→ Work instructions: Within the listing below, please copy exactly the lines between the line holding "M_class k w j exactly when w a_j = v." and the line holding "i). reduced_word n", inclusive.

→ Dataset excerpts:
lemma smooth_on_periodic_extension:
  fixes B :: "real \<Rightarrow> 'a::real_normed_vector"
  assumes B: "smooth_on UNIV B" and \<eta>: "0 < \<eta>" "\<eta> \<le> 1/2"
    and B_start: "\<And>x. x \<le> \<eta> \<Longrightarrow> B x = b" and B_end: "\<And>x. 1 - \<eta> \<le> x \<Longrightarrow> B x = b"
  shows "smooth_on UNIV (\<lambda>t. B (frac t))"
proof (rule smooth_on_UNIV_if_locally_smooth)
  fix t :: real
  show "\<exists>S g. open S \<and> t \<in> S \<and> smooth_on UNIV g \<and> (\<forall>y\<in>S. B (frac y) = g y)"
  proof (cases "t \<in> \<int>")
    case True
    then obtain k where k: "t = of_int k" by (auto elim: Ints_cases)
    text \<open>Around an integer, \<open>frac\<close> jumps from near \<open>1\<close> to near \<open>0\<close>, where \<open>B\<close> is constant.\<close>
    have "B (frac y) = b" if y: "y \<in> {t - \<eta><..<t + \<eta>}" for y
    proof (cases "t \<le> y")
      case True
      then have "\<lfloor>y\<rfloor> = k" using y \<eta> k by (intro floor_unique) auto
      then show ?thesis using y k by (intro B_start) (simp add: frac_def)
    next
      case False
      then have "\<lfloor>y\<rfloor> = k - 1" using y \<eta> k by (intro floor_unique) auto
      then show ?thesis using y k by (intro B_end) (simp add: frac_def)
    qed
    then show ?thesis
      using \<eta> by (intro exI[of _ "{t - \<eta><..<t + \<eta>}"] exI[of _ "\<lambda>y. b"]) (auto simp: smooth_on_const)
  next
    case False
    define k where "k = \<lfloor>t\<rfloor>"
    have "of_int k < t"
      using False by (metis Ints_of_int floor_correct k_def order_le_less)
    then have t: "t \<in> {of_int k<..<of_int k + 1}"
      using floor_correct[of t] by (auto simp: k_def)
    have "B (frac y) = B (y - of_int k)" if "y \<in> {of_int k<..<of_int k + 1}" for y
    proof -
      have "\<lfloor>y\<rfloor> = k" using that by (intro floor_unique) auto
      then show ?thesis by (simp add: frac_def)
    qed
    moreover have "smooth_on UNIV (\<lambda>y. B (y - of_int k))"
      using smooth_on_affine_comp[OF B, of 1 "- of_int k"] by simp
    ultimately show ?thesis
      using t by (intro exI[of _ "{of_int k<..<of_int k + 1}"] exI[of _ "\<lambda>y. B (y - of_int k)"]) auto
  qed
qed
==
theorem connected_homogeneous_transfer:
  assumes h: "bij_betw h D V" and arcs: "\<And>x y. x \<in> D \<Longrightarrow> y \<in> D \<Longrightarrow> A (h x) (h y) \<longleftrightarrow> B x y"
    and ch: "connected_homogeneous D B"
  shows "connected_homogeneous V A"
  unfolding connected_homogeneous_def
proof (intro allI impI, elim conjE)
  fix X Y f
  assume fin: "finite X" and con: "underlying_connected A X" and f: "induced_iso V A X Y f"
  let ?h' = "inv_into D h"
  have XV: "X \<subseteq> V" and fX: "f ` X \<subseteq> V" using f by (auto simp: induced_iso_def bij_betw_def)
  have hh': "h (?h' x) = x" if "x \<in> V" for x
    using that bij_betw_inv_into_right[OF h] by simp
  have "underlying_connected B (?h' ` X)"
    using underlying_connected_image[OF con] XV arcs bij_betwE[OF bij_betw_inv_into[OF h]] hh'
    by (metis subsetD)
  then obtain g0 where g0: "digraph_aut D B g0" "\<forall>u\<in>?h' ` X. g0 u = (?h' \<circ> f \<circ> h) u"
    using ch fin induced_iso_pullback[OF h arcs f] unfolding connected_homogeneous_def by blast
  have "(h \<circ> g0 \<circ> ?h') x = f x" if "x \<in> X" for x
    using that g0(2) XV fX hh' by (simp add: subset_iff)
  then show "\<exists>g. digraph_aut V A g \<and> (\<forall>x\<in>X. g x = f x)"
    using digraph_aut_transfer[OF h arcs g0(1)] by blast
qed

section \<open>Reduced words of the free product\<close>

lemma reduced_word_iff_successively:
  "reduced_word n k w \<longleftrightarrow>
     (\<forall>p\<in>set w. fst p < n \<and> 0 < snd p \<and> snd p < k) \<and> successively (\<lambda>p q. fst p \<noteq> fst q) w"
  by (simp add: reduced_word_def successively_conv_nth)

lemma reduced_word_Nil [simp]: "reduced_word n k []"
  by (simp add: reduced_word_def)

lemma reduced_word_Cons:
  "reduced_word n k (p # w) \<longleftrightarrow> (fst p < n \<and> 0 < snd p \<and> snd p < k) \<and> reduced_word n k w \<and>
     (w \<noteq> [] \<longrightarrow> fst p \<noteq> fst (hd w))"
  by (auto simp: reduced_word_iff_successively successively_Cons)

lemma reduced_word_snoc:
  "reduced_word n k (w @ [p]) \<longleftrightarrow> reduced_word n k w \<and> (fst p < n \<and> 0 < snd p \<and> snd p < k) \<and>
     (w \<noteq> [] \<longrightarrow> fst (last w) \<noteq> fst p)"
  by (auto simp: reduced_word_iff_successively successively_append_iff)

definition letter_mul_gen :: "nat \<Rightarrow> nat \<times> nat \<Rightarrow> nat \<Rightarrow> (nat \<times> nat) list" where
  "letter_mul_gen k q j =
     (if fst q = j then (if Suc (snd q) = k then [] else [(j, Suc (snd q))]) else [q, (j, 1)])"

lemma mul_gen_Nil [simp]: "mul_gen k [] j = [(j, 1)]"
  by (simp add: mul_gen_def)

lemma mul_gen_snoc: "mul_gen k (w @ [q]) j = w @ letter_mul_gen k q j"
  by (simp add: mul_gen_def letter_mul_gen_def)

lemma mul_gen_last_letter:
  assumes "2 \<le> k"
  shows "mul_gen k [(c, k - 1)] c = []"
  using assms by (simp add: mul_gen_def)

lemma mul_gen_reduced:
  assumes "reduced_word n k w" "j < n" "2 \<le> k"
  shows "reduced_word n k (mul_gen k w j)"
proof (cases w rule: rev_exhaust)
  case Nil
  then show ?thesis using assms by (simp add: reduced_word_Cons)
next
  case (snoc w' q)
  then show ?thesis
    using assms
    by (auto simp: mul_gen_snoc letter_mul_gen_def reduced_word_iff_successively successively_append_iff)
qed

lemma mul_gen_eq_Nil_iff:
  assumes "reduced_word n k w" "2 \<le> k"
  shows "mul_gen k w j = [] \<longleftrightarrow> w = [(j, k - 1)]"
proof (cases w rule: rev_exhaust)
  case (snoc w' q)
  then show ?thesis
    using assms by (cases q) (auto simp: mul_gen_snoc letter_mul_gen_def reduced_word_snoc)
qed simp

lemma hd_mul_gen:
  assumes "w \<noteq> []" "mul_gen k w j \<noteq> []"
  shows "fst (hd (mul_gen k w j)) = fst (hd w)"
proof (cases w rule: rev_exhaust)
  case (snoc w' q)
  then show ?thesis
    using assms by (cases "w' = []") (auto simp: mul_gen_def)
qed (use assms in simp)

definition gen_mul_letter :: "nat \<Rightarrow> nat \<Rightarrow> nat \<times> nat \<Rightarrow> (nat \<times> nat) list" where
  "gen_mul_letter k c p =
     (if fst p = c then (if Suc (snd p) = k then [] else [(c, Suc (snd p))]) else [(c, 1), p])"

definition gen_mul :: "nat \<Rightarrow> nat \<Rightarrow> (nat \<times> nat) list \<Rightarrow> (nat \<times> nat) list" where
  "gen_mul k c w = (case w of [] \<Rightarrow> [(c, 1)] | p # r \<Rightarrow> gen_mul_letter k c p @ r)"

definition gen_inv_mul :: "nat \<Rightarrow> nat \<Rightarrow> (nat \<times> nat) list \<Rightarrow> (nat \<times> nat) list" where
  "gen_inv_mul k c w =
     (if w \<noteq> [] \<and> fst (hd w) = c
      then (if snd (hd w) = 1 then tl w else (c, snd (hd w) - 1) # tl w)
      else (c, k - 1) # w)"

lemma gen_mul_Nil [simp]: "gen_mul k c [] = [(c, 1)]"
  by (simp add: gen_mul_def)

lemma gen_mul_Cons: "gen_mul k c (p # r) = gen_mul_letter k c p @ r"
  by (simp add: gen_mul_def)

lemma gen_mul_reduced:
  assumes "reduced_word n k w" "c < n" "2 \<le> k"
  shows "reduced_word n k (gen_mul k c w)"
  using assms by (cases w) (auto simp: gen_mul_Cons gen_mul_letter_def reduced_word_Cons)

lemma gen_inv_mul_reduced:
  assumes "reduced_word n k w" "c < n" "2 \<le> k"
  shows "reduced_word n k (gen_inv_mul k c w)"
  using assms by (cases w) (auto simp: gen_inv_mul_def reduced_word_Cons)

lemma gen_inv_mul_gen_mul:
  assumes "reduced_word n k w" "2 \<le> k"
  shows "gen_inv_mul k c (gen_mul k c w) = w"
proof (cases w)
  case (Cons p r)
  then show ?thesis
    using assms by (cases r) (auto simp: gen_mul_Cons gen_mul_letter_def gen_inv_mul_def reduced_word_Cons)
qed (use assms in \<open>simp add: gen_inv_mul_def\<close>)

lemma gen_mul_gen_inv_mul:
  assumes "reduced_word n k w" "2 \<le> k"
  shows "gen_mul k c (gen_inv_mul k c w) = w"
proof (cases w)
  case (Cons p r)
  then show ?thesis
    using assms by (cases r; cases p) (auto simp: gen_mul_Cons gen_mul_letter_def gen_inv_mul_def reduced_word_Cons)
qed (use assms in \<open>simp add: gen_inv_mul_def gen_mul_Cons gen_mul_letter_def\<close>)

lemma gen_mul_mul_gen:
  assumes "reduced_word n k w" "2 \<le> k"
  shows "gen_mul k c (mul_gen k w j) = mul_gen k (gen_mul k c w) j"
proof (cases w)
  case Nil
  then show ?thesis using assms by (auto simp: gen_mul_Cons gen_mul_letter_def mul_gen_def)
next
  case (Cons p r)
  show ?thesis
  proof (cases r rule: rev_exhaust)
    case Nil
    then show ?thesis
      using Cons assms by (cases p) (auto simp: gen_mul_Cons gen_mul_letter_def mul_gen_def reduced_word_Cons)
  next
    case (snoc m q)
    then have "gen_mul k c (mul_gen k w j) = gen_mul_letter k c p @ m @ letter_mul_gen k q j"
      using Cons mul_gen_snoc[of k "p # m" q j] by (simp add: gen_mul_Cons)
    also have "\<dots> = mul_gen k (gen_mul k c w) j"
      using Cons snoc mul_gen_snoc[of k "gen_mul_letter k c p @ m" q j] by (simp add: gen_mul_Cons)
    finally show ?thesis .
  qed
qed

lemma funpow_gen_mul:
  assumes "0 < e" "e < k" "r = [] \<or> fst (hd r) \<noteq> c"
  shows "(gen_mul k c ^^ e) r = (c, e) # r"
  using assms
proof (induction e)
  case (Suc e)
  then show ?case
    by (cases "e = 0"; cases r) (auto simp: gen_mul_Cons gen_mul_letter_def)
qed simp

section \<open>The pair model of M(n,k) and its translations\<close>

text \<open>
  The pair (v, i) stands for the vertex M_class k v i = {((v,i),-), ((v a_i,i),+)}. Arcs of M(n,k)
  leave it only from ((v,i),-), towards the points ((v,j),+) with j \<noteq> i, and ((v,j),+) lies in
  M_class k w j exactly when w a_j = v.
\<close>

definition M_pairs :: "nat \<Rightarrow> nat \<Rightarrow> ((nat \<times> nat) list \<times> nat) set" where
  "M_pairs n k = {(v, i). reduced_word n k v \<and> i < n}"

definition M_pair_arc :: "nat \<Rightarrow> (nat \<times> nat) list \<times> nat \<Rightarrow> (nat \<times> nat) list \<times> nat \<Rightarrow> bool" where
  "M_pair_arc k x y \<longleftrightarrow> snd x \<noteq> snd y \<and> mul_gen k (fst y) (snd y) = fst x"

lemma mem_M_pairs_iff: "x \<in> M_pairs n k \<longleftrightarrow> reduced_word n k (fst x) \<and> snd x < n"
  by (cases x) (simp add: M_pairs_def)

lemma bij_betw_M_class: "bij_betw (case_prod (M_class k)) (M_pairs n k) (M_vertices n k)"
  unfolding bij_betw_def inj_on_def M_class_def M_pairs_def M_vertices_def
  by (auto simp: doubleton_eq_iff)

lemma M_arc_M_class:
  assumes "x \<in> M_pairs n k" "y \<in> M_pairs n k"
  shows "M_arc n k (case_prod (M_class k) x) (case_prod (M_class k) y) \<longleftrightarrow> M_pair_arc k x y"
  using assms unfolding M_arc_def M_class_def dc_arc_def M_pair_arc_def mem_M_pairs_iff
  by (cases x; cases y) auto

→ Exercise result:
  M_class k w j exactly when w a_j = v.
\<close>

definition M_pairs :: "nat \<Rightarrow> nat \<Rightarrow> ((nat \<times> nat) list \<times> nat) set" where
  "M_pairs n k = {(v, i). reduced_word n k v \<and> i < n}"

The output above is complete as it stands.